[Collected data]
Content starts
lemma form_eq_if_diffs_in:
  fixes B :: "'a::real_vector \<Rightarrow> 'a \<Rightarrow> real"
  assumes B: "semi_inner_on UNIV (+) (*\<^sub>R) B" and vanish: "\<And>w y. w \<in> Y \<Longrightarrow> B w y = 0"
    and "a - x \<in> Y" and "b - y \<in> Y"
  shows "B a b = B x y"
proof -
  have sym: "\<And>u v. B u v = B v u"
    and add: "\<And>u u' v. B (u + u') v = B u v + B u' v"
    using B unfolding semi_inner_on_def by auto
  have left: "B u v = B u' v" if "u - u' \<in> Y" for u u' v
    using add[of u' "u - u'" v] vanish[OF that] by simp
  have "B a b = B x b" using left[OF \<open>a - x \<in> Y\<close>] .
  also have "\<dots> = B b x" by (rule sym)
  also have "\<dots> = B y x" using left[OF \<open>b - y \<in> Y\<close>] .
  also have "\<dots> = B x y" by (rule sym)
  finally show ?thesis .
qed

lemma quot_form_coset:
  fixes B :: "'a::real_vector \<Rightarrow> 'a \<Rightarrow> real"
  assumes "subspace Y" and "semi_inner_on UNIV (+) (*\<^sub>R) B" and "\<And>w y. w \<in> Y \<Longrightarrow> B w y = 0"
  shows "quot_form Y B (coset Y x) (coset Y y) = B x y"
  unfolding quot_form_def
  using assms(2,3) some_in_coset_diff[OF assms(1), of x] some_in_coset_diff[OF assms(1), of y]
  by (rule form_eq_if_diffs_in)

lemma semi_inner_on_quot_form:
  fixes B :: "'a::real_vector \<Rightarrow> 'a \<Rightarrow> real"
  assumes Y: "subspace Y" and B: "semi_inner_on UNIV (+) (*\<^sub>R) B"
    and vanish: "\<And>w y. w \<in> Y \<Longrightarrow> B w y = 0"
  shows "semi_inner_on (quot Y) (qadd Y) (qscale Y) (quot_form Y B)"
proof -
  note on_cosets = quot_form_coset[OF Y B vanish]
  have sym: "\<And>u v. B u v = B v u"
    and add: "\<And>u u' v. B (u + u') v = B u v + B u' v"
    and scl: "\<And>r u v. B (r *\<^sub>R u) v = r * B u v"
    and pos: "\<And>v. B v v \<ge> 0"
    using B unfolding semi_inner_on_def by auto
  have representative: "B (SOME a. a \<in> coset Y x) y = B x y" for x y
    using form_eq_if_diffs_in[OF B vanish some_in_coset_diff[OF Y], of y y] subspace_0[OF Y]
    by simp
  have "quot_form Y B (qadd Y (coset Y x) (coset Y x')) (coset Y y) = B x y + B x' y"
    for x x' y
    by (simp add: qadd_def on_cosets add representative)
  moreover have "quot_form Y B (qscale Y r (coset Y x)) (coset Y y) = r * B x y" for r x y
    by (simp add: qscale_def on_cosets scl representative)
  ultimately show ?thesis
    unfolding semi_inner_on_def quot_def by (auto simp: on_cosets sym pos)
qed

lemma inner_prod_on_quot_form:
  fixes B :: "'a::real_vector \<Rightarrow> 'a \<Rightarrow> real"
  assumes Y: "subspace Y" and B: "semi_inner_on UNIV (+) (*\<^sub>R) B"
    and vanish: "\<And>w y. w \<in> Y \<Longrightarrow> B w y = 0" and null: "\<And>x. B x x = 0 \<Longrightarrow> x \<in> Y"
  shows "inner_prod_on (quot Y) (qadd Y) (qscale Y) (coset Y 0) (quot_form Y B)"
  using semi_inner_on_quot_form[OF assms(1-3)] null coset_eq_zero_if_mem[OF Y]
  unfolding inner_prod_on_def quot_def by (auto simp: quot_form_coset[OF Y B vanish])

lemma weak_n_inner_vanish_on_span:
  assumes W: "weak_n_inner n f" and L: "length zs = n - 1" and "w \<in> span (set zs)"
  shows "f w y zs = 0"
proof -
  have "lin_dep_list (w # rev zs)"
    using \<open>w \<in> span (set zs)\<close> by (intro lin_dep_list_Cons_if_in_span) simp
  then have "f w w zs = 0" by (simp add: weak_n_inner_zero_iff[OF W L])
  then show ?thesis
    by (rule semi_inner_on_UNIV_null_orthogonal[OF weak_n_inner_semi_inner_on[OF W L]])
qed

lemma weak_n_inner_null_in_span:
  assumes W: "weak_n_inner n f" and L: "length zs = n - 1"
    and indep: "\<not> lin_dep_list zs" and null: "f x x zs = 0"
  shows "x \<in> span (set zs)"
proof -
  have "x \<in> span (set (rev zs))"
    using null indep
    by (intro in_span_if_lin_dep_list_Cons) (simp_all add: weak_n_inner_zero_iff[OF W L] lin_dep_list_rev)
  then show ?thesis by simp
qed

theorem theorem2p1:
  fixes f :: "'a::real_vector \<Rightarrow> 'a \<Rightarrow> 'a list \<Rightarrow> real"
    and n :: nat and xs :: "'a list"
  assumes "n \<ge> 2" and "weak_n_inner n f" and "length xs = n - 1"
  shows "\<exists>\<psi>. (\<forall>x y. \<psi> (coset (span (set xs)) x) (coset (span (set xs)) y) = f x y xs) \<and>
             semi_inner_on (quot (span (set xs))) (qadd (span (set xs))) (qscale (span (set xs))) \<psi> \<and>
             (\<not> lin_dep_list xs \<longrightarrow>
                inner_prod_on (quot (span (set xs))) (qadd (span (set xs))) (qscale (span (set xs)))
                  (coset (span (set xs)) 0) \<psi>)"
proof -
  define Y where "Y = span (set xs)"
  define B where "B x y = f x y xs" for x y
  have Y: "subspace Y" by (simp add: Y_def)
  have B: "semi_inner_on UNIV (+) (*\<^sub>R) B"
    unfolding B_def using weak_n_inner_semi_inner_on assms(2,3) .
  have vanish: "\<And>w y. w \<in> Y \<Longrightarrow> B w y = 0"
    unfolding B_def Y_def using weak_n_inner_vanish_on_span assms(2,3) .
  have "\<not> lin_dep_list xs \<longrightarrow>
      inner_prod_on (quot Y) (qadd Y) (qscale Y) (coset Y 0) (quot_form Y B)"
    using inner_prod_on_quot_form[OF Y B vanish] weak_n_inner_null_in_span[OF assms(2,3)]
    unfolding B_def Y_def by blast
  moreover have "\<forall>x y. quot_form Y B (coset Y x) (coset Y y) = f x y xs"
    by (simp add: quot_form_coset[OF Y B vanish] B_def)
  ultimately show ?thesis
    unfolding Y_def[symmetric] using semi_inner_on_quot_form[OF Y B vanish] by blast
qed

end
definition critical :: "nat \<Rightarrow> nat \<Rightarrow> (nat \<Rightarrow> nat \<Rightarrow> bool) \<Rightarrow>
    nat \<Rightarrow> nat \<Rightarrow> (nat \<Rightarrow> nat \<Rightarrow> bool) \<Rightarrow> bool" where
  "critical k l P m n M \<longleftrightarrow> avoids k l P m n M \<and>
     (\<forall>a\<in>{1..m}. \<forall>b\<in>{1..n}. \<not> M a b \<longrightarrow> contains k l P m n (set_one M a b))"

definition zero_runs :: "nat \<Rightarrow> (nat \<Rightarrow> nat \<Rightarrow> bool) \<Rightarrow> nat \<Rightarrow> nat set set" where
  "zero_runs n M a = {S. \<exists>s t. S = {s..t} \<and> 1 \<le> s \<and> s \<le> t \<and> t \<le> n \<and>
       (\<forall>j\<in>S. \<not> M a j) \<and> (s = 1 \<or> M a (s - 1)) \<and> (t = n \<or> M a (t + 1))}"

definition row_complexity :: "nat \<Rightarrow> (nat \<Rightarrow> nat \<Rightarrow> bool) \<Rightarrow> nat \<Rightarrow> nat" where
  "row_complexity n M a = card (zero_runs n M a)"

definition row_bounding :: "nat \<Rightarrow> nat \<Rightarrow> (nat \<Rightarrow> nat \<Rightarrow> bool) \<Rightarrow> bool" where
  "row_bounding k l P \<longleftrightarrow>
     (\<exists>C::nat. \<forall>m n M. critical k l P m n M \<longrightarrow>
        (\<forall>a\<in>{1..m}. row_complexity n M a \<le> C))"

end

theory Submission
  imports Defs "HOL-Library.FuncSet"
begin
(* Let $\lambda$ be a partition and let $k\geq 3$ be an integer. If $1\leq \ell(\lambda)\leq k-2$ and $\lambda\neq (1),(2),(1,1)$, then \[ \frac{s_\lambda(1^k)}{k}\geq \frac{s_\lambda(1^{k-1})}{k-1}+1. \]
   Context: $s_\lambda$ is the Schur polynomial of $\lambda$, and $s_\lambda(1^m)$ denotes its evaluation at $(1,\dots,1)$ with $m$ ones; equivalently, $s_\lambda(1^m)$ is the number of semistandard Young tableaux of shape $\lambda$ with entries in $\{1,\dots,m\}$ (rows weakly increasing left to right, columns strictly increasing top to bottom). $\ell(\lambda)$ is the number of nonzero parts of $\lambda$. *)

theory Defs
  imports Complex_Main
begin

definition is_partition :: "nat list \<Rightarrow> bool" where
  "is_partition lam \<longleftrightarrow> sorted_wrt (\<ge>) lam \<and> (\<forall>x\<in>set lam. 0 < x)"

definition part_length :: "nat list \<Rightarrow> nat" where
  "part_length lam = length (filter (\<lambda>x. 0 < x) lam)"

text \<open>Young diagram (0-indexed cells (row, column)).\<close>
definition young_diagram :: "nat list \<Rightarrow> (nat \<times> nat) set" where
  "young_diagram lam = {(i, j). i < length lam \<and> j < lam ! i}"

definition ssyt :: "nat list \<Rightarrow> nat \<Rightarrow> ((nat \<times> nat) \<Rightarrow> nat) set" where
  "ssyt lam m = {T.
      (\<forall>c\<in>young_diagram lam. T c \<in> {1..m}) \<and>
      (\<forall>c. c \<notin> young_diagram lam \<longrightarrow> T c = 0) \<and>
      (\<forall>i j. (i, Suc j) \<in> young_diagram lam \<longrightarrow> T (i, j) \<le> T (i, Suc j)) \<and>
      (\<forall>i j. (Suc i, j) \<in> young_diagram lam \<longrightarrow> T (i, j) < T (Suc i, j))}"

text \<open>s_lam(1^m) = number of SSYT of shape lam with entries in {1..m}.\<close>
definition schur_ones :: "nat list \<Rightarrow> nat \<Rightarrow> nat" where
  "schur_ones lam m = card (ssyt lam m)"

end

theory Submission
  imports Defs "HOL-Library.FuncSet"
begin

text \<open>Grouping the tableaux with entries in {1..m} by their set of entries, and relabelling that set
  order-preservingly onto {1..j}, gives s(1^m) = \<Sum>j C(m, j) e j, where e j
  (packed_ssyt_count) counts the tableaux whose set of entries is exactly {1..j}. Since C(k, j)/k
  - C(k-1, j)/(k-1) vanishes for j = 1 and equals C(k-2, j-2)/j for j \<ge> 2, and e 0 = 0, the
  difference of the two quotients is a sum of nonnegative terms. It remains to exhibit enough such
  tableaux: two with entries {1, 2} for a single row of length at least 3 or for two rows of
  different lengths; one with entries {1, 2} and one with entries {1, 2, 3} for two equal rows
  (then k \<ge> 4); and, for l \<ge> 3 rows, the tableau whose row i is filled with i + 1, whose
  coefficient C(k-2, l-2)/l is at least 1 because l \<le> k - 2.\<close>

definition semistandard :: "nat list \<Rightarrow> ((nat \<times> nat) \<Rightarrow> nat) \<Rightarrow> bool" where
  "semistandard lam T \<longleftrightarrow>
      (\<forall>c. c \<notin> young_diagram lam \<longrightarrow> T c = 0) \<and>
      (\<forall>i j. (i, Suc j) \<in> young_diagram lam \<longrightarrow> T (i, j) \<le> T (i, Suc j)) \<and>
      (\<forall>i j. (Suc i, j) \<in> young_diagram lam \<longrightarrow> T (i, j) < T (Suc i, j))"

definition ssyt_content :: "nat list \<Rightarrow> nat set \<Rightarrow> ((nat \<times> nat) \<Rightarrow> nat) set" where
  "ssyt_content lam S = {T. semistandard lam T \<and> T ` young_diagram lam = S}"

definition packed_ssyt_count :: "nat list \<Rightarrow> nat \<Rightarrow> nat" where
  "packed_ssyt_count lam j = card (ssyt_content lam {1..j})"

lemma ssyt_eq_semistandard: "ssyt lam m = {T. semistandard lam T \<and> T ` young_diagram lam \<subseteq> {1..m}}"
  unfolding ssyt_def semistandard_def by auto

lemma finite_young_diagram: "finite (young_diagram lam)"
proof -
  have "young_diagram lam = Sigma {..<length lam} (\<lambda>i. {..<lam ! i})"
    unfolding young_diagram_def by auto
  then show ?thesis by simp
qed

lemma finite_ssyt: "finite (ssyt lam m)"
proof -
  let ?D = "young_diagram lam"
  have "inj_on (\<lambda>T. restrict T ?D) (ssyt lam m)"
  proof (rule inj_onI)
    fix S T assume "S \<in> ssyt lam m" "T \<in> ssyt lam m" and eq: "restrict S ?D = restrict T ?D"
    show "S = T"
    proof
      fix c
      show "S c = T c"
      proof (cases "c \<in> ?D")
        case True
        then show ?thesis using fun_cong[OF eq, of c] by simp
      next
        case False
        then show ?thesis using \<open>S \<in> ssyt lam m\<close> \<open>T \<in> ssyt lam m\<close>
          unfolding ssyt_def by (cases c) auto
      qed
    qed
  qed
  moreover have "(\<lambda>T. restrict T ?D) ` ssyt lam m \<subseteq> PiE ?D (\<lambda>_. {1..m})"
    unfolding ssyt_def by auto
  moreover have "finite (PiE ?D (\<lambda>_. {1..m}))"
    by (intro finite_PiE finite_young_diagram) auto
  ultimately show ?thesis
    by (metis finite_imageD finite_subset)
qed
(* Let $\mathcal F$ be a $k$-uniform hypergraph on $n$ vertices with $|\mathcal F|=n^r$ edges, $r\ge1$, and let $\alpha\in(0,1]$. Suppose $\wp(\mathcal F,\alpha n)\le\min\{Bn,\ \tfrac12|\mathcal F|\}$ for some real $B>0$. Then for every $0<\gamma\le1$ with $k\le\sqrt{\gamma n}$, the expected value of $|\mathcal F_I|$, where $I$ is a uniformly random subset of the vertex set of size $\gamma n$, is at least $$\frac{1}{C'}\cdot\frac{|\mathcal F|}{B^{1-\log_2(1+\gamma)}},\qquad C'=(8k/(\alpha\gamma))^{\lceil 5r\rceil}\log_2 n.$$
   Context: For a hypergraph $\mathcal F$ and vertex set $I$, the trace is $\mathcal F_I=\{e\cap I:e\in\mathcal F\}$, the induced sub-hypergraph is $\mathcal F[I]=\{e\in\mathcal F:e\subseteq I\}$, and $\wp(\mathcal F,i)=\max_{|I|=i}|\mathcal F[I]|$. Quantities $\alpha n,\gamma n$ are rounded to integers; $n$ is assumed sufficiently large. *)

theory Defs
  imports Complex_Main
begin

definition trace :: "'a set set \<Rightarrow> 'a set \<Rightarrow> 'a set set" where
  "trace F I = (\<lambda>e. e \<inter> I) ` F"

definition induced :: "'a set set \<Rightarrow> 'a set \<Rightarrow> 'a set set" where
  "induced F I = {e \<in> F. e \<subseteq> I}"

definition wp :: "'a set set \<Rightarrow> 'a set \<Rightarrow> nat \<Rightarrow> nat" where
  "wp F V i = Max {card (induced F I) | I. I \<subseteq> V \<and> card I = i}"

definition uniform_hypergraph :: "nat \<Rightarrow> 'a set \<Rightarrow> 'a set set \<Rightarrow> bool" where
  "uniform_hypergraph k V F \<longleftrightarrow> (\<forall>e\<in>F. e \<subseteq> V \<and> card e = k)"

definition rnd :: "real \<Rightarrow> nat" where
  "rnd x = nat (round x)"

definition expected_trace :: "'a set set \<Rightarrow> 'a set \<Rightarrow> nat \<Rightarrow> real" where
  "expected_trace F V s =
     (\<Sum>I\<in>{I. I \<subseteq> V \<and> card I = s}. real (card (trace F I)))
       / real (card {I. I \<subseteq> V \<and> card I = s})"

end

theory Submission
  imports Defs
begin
Content ends
WORK REQUEST:
Out of the entries, report each line that contains the word "moreover".

THE COMPLETED TASK:
  moreover have "quot_form Y B (qscale Y r (coset Y x)) (coset Y y) = r * B x y" for r x y
  moreover have "\<forall>x y. quot_form Y B (coset Y x) (coset Y y) = f x y xs"
  moreover have "(\<lambda>T. restrict T ?D) ` ssyt lam m \<subseteq> PiE ?D (\<lambda>_. {1..m})"
  moreover have "finite (PiE ?D (\<lambda>_. {1..m}))"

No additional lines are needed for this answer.